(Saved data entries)
• • •

lemma inverse_shift_diff_le:
  fixes u v \<beta> :: real
  assumes "0 \<le> u" "0 \<le> v" "0 < \<beta>"
  shows "\<bar>1 / (u + \<beta>) - 1 / (v + \<beta>)\<bar> \<le> \<bar>u - v\<bar> / \<beta>\<^sup>2"
proof -
  have diff: "1 / (u + \<beta>) - 1 / (v + \<beta>) = (v - u) / ((u + \<beta>) * (v + \<beta>))"
    using assms by (simp add: field_simps)
  have "\<beta>\<^sup>2 \<le> (u + \<beta>) * (v + \<beta>)"
    using assms by (simp add: power2_eq_square mult_mono)
  then have "\<bar>v - u\<bar> / ((u + \<beta>) * (v + \<beta>)) \<le> \<bar>v - u\<bar> / \<beta>\<^sup>2"
    using assms by (intro divide_left_mono) auto
  then show ?thesis using assms by (simp add: diff abs_divide abs_minus_commute)
qed

lemma matrix_vector_mult_nonneg_orthant:
  fixes A :: "real ^ 'n ^ 'm"
  assumes "\<forall>i j. 0 \<le> A $ i $ j" and "f \<in> nonneg_orthant"
  shows "0 \<le> (A *v f) $ i"
  using assms unfolding nonneg_orthant_def
  by (auto simp: matrix_vector_mult_def intro!: sum_nonneg)

definition poisson_weights :: "real ^ 'n ^ 'm \<Rightarrow> nat ^ 'm \<Rightarrow> real \<Rightarrow> real ^ 'n \<Rightarrow> real ^ 'm" where
  "poisson_weights A y \<beta> f = (\<chi> i. 1 - real (y $ i) / ((A *v f) $ i + \<beta>))"

definition poisson_grad :: "real ^ 'n ^ 'm \<Rightarrow> nat ^ 'm \<Rightarrow> real \<Rightarrow> real ^ 'n \<Rightarrow> real ^ 'n" where
  "poisson_grad A y \<beta> f = transpose A *v poisson_weights A y \<beta> f"

lemma has_derivative_poisson_F:
  fixes A :: "real ^ 'n ^ 'm"
  assumes pos: "\<And>i. 0 < (A *v f) $ i + \<beta>"
  shows "(poisson_F A y \<beta> has_derivative (\<lambda>h. poisson_grad A y \<beta> f \<bullet> h)) (at f)"
proof -
  have ones_term: "((\<lambda>f. ones_vec \<bullet> (A *v f)) has_derivative (\<lambda>h. ones_vec \<bullet> (A *v h))) (at f)"
    by (intro bounded_linear_imp_has_derivative
        bounded_linear_compose[OF bounded_linear_inner_right matrix_vector_mul_bounded_linear])
  have affine_entry: "((\<lambda>f. (A *v f)$i + \<beta>) has_derivative (\<lambda>h. (A *v h)$i)) (at f)" for i
    by (intro has_derivative_add_const bounded_linear_imp_has_derivative
        bounded_linear_compose[OF bounded_linear_vec_nth matrix_vector_mul_bounded_linear])
  have log_term: "((\<lambda>f. ln ((A *v f)$i + \<beta>)) has_derivative
      (\<lambda>h. (A *v h)$i * inverse ((A *v f)$i + \<beta>))) (at f)" for i
    by (rule DERIV_compose_FDERIV[OF DERIV_ln[OF pos] affine_entry])
  have "(poisson_F A y \<beta> has_derivative
      (\<lambda>h. ones_vec \<bullet> (A *v h) - (\<Sum>i\<in>UNIV. real (y$i) * ((A *v h)$i * inverse ((A *v f)$i + \<beta>))))) (at f)"
    unfolding poisson_F_def[abs_def]
    by (intro has_derivative_diff ones_term has_derivative_sum has_derivative_mult_right log_term)
  moreover have "poisson_grad A y \<beta> f \<bullet> h
      = ones_vec \<bullet> (A *v h) - (\<Sum>i\<in>UNIV. real (y$i) * ((A *v h)$i * inverse ((A *v f)$i + \<beta>)))" for h
  proof -
    have "poisson_grad A y \<beta> f \<bullet> h = poisson_weights A y \<beta> f \<bullet> (A *v h)"
      unfolding poisson_grad_def by (simp add: dot_lmul_matrix)
    also have "\<dots> = (\<Sum>i\<in>UNIV. (1 - real (y$i) / ((A *v f)$i + \<beta>)) * (A *v h)$i)"
      by (simp add: poisson_weights_def inner_vec_def)
    also have "\<dots> = ones_vec \<bullet> (A *v h)
        - (\<Sum>i\<in>UNIV. real (y$i) * ((A *v h)$i * inverse ((A *v f)$i + \<beta>)))"
      by (simp add: ones_vec_def inner_vec_def right_diff_distrib sum_subtractf divide_inverse
          mult.left_commute mult.commute)
    finally show ?thesis .
  qed
  ultimately show ?thesis by simp
qed

lemma poisson_weights_lipschitz:
  fixes A :: "real ^ 'n ^ 'm"
  assumes A_nonneg: "\<forall>i j. 0 \<le> A $ i $ j" and beta_pos: "0 < \<beta>"
    and f: "f \<in> nonneg_orthant" and g: "g \<in> nonneg_orthant"
  shows "norm (poisson_weights A y \<beta> f - poisson_weights A y \<beta> g)
    \<le> real (Max (range (\<lambda>i. y $ i))) / \<beta>\<^sup>2 * norm (A *v (f - g))"
proof (rule norm_le_if_componentwise_abs_le)
  let ?M = "real (Max (range (\<lambda>i. y $ i)))"
  fix i
  have Af: "0 \<le> (A *v f)$i" and Ag: "0 \<le> (A *v g)$i"
    using matrix_vector_mult_nonneg_orthant[OF A_nonneg] f g by auto
  have "(poisson_weights A y \<beta> f - poisson_weights A y \<beta> g)$i
      = real (y$i) * (1 / ((A *v g)$i + \<beta>) - 1 / ((A *v f)$i + \<beta>))"
    by (simp add: poisson_weights_def right_diff_distrib)
  then have "\<bar>(poisson_weights A y \<beta> f - poisson_weights A y \<beta> g)$i\<bar>
      = real (y$i) * \<bar>1 / ((A *v g)$i + \<beta>) - 1 / ((A *v f)$i + \<beta>)\<bar>"
    by (simp add: abs_mult)
  also have "\<dots> \<le> ?M * (\<bar>(A *v g)$i - (A *v f)$i\<bar> / \<beta>\<^sup>2)"
    by (intro mult_mono inverse_shift_diff_le[OF Ag Af beta_pos]) (auto simp: Max_ge)
  also have "\<dots> = ?M / \<beta>\<^sup>2 * \<bar>(A *v (f - g))$i\<bar>"
    by (simp add: matrix_vector_mult_diff_distrib abs_minus_commute)
  finally show "\<bar>(poisson_weights A y \<beta> f - poisson_weights A y \<beta> g)$i\<bar> \<le> ?M / \<beta>\<^sup>2 * \<bar>(A *v (f - g))$i\<bar>" .
qed simp

lemma poisson_grad_lipschitz:
  fixes A :: "real ^ 'n ^ 'm"
  assumes A_nonneg: "\<forall>i j. 0 \<le> A $ i $ j" and beta_pos: "0 < \<beta>"
  shows "(real (Max (range (\<lambda>i. y $ i))) / \<beta>\<^sup>2 * (spectral_norm A)\<^sup>2)-lipschitz_on
    nonneg_orthant (poisson_grad A y \<beta>)"
proof (rule lipschitz_onI)
  let ?M = "real (Max (range (\<lambda>i. y $ i)))" and ?S = "spectral_norm A"
  fix f g :: "real ^ 'n"
  assume f: "f \<in> nonneg_orthant" and g: "g \<in> nonneg_orthant"
  have "dist (poisson_grad A y \<beta> f) (poisson_grad A y \<beta> g)
      = norm (transpose A *v (poisson_weights A y \<beta> f - poisson_weights A y \<beta> g))"
    by (simp add: poisson_grad_def dist_norm matrix_vector_mult_diff_distrib)
  also have "\<dots> \<le> ?S * norm (poisson_weights A y \<beta> f - poisson_weights A y \<beta> g)"
    by (rule norm_transpose_mult_le_spectral_norm)
  also have "\<dots> \<le> ?S * (?M / \<beta>\<^sup>2 * norm (A *v (f - g)))"
    by (intro mult_left_mono poisson_weights_lipschitz assms f g spectral_norm_nonneg)
  also have "\<dots> \<le> ?S * (?M / \<beta>\<^sup>2 * (?S * norm (f - g)))"
    by (intro mult_left_mono norm_matrix_vector_mult_le_spectral_norm spectral_norm_nonneg) auto
  also have "\<dots> = ?M / \<beta>\<^sup>2 * ?S\<^sup>2 * dist f g"
    by (simp add: dist_norm power2_eq_square mult_ac)
  finally show "dist (poisson_grad A y \<beta> f) (poisson_grad A y \<beta> g) \<le> ?M / \<beta>\<^sup>2 * ?S\<^sup>2 * dist f g" .
qed simp

theorem lemma1:
  fixes A :: "real ^ 'n ^ 'm" and y :: "nat ^ 'm" and \<beta> :: real
  assumes A_nonneg: "\<forall>i j. 0 \<le> A $ i $ j"
    and beta_pos: "0 < \<beta>"
  shows "\<exists>G :: real ^ 'n \<Rightarrow> real ^ 'n.
           (\<forall>f\<in>nonneg_orthant. (poisson_F A y \<beta> has_derivative (\<lambda>h. G f \<bullet> h)) (at f))
         \<and> (\<exists>K. K-lipschitz_on nonneg_orthant G)
         \<and> lipschitz_const nonneg_orthant G
              \<le> real (Max (range (\<lambda>i. y $ i))) / \<beta>\<^sup>2 * (spectral_norm A)\<^sup>2
         \<and> real (Max (range (\<lambda>i. y $ i))) / \<beta>\<^sup>2 * (spectral_norm A)\<^sup>2
              \<le> real (Max (range (\<lambda>i. y $ i))) / \<beta>\<^sup>2
                 * max_entry (transpose A *v (ones_vec :: real ^ 'm))
                 * max_entry (A *v (ones_vec :: real ^ 'n))"
proof (intro exI[of _ "poisson_grad A y \<beta>"] conjI ballI)
  show "(poisson_F A y \<beta> has_derivative (\<lambda>h. poisson_grad A y \<beta> f \<bullet> h)) (at f)"
    if "f \<in> nonneg_orthant" for f
    using matrix_vector_mult_nonneg_orthant[OF A_nonneg that] beta_pos
    by (intro has_derivative_poisson_F) (simp add: add_nonneg_pos)
  note lip = poisson_grad_lipschitz[OF A_nonneg beta_pos, of y]
  then show "\<exists>K. K-lipschitz_on nonneg_orthant (poisson_grad A y \<beta>)" ..
  show "lipschitz_const nonneg_orthant (poisson_grad A y \<beta>)
      \<le> real (Max (range (\<lambda>i. y $ i))) / \<beta>\<^sup>2 * (spectral_norm A)\<^sup>2"
    using lip by (rule lipschitz_const_le)
  show "real (Max (range (\<lambda>i. y $ i))) / \<beta>\<^sup>2 * (spectral_norm A)\<^sup>2
      \<le> real (Max (range (\<lambda>i. y $ i))) / \<beta>\<^sup>2
        * max_entry (transpose A *v (ones_vec :: real ^ 'm)) * max_entry (A *v (ones_vec :: real ^ 'n))"
    using mult_left_mono[OF spectral_norm_squared_le_row_column_sums[OF A_nonneg],
        of "real (Max (range (\<lambda>i. y $ i))) / \<beta>\<^sup>2"]
    by (simp add: mult_ac)
qed

end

• • •

Instructions to follow »
Your task is to restate, word for word, the lines from the beginning of the records to the line with "by (intro bounded_linear_imp_has_derivative", inclusive.

Written answer »
lemma inverse_shift_diff_le:
  fixes u v \<beta> :: real
  assumes "0 \<le> u" "0 \<le> v" "0 < \<beta>"
  shows "\<bar>1 / (u + \<beta>) - 1 / (v + \<beta>)\<bar> \<le> \<bar>u - v\<bar> / \<beta>\<^sup>2"
proof -
  have diff: "1 / (u + \<beta>) - 1 / (v + \<beta>) = (v - u) / ((u + \<beta>) * (v + \<beta>))"
    using assms by (simp add: field_simps)
  have "\<beta>\<^sup>2 \<le> (u + \<beta>) * (v + \<beta>)"
    using assms by (simp add: power2_eq_square mult_mono)
  then have "\<bar>v - u\<bar> / ((u + \<beta>) * (v + \<beta>)) \<le> \<bar>v - u\<bar> / \<beta>\<^sup>2"
    using assms by (intro divide_left_mono) auto
  then show ?thesis using assms by (simp add: diff abs_divide abs_minus_commute)
qed

lemma matrix_vector_mult_nonneg_orthant:
  fixes A :: "real ^ 'n ^ 'm"
  assumes "\<forall>i j. 0 \<le> A $ i $ j" and "f \<in> nonneg_orthant"
  shows "0 \<le> (A *v f) $ i"
  using assms unfolding nonneg_orthant_def
  by (auto simp: matrix_vector_mult_def intro!: sum_nonneg)

definition poisson_weights :: "real ^ 'n ^ 'm \<Rightarrow> nat ^ 'm \<Rightarrow> real \<Rightarrow> real ^ 'n \<Rightarrow> real ^ 'm" where
  "poisson_weights A y \<beta> f = (\<chi> i. 1 - real (y $ i) / ((A *v f) $ i + \<beta>))"

definition poisson_grad :: "real ^ 'n ^ 'm \<Rightarrow> nat ^ 'm \<Rightarrow> real \<Rightarrow> real ^ 'n \<Rightarrow> real ^ 'n" where
  "poisson_grad A y \<beta> f = transpose A *v poisson_weights A y \<beta> f"

lemma has_derivative_poisson_F:
  fixes A :: "real ^ 'n ^ 'm"
  assumes pos: "\<And>i. 0 < (A *v f) $ i + \<beta>"
  shows "(poisson_F A y \<beta> has_derivative (\<lambda>h. poisson_grad A y \<beta> f \<bullet> h)) (at f)"
proof -
  have ones_term: "((\<lambda>f. ones_vec \<bullet> (A *v f)) has_derivative (\<lambda>h. ones_vec \<bullet> (A *v h))) (at f)"
    by (intro bounded_linear_imp_has_derivative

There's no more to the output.